Dr Sege:I always start off by saying, “I’m so glad that you’re okay.” [And then,] “We now know that there are ways to teach a child right from wrong that don’t put fear and violence into the loving relationship with the parents. So I want you to try some of those things.” Other times I ask parents, “What else did your parents do besides spank you? What else do you remember from your childhood?” And often you get a much broader, richer idea of what happened to them when they were kids.

JAMA:You can relate to the frustration of wanting your child to behave. What are some of the mental techniques that you can use to redirect that energy in a positive way?

Dr Sege:That’s a really good question. I am the proud father of three kids, and they have at times been frustrating. Kids are like that, right? One of the things about a time-out is that it also gave me a chance to have a time-out and cool down. I think that’s really important. Being able to reach out to another adult to help you when you’re feeling frustrated and angry is important as well. There’s not a parent in the world who hasn’t experienced that kind of frustration with their kids. But the important thing to remember is that, overall, children want to be good.

JAMA:For a parent who has reacted in anger and yelled and said something inappropriate or maybe slapped their kid across the face, is it appropriate to apologize?

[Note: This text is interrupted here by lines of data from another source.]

lemma mem_monomial_ideal_iff:
  fixes f :: "('v, 'a::comm_ring_1) mpoly"
  shows "f \<in> ideal_gen (monomial_poly ` M) \<longleftrightarrow> (\<forall>c\<in>keys f. \<exists>\<mu>\<in>M. pm_le \<mu> c)"
proof
  let ?U = "{c. \<exists>\<mu>\<in>M. pm_le \<mu> c}"
  have "ideal_gen (monomial_poly ` M) \<subseteq> {p :: ('v, 'a) mpoly. keys p \<subseteq> ?U}"
  proof (rule ideal_gen_minimal)
    show "is_ideal {p :: ('v, 'a) mpoly. keys p \<subseteq> ?U}"
      by (rule is_ideal_keys_subset) (auto intro: pm_le_add_right)
  qed (auto simp: monomial_poly_def pm_le_def)
  then show "f \<in> ideal_gen (monomial_poly ` M) \<Longrightarrow> \<forall>c\<in>keys f. \<exists>\<mu>\<in>M. pm_le \<mu> c"
    by blast
next
  assume divisible: "\<forall>c\<in>keys f. \<exists>\<mu>\<in>M. pm_le \<mu> c"
  show "f \<in> ideal_gen (monomial_poly ` M)"
  proof (rule ideal_mem_if_monomials_mem[OF is_ideal_ideal_gen])
    fix c assume "c \<in> keys f"
    then obtain \<mu> where "\<mu> \<in> M" "pm_le \<mu> c"
      using divisible by blast
    then have "(c - \<mu>) + \<mu> = c"
      by (intro poly_mapping_eqI) (simp add: pm_le_def lookup_add lookup_minus)
    then have "monomial_poly c = (monomial_poly (c - \<mu>) :: ('v, 'a) mpoly) * monomial_poly \<mu>"
      by (simp add: monomial_poly_def mult_single)
    moreover have "(monomial_poly \<mu> :: ('v, 'a) mpoly) \<in> ideal_gen (monomial_poly ` M)"
      using \<open>\<mu> \<in> M\<close> ideal_gen_superset by blast
    ultimately show "(monomial_poly c :: ('v, 'a) mpoly) \<in> ideal_gen (monomial_poly ` M)"
      using ideal_mult[OF is_ideal_ideal_gen] by metis
  qed
qed

lemma monomial_idealI:
  fixes S :: "('v, 'a::comm_ring_1) mpoly set"
  assumes "is_ideal S" and "\<And>f c. f \<in> S \<Longrightarrow> c \<in> keys f \<Longrightarrow> monomial_poly c \<in> S"
  shows "monomial_ideal S"
proof -
  let ?M = "{c. monomial_poly c \<in> S}"
  have "ideal_gen (monomial_poly ` ?M) \<subseteq> S"
    using assms(1) by (rule ideal_gen_minimal) blast
  moreover have "f \<in> ideal_gen (monomial_poly ` ?M)" if "f \<in> S" for f
  proof (rule ideal_mem_if_monomials_mem[OF is_ideal_ideal_gen])
    fix c assume "c \<in> keys f"
    then have "c \<in> ?M"
      using assms(2) that by blast
    then show "monomial_poly c \<in> ideal_gen (monomial_poly ` ?M :: ('v, 'a) mpoly set)"
      by (intro subsetD[OF ideal_gen_superset] imageI)
  qed
  ultimately have "S = ideal_gen (monomial_poly ` ?M)"
    by blast
  then show ?thesis
    unfolding monomial_ideal_def by (rule exI)
qed

section \<open>Lowest-degree terms of products\<close>

definition pm_filter :: "('b \<Rightarrow> bool) \<Rightarrow> ('b \<Rightarrow>\<^sub>0 'a::zero) \<Rightarrow> ('b \<Rightarrow>\<^sub>0 'a)" where
  "pm_filter P p = Abs_poly_mapping (\<lambda>x. if P x then lookup p x else 0)"

lemma lookup_pm_filter: "lookup (pm_filter P p) x = (if P x then lookup p x else 0)"
proof -
  have "{x. (if P x then lookup p x else 0) \<noteq> 0} = {x \<in> keys p. P x}"
    by (auto simp: in_keys_iff)
  then have "finite {x. (if P x then lookup p x else 0) \<noteq> 0}"
    by simp
  then show ?thesis
    unfolding pm_filter_def by simp
qed

lemma keys_pm_filter: "keys (pm_filter P p) = {x \<in> keys p. P x}"
  by (rule set_eqI) (simp add: in_keys_iff lookup_pm_filter)

lemma pm_filter_add_compl: "pm_filter P p + pm_filter (\<lambda>x. \<not> P x) p = (p :: 'b \<Rightarrow>\<^sub>0 'a::monoid_add)"
  by (rule poly_mapping_eqI) (simp add: lookup_add lookup_pm_filter)

lemma lookup_mult_unique_sum:
  fixes f g :: "'m::cancel_comm_monoid_add \<Rightarrow>\<^sub>0 'a::semiring_0"
  assumes "\<And>a' b'. a' \<in> keys f \<Longrightarrow> b' \<in> keys g \<Longrightarrow> a' + b' = a + b \<Longrightarrow> a' = a"
  shows "lookup (f * g) (a + b) = lookup f a * lookup g b"
proof -
  have "lookup f l * (\<Sum>q. lookup g q when a + b = l + q) = (lookup f a * lookup g b when l = a)" for l
  proof (cases "l = a")
    case False
    have "(lookup g q when a + b = l + q) = 0" if "lookup f l \<noteq> 0" for q
      using assms[of l q] False that by (cases "lookup g q = 0") (auto simp: in_keys_iff when_def dest: sym)
    with False show ?thesis
      by (cases "lookup f l = 0") simp_all
  qed simp
  then show ?thesis
    by (simp add: lookup_mult)
qed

Dr Sege:Yes. All of us are human. Sometimes no matter what we do, we’re in the moment. And it’s okay to model for a child that we feel badly and that we didn’t mean whatever it was we said or did in anger. That works okay if this is an occasional thing. If it’s a more common problem, there are parent resource centers. There are parenting classes. There are all sorts of resources for parents who really are struggling with this issue. For parents who were themselves shamed, humiliated, or spanked when they were a child and those are their prominent memories of childhood, it can be really helpful to go to a longer, more intense parenting class to help understand a whole range of different ways they can deal with the frustrations of being a parent.

Parents are a child’s first and most important teachers. And we can help parents learn to teach their children right from wrong without injecting fear and violence into the most important relationship that any of us have.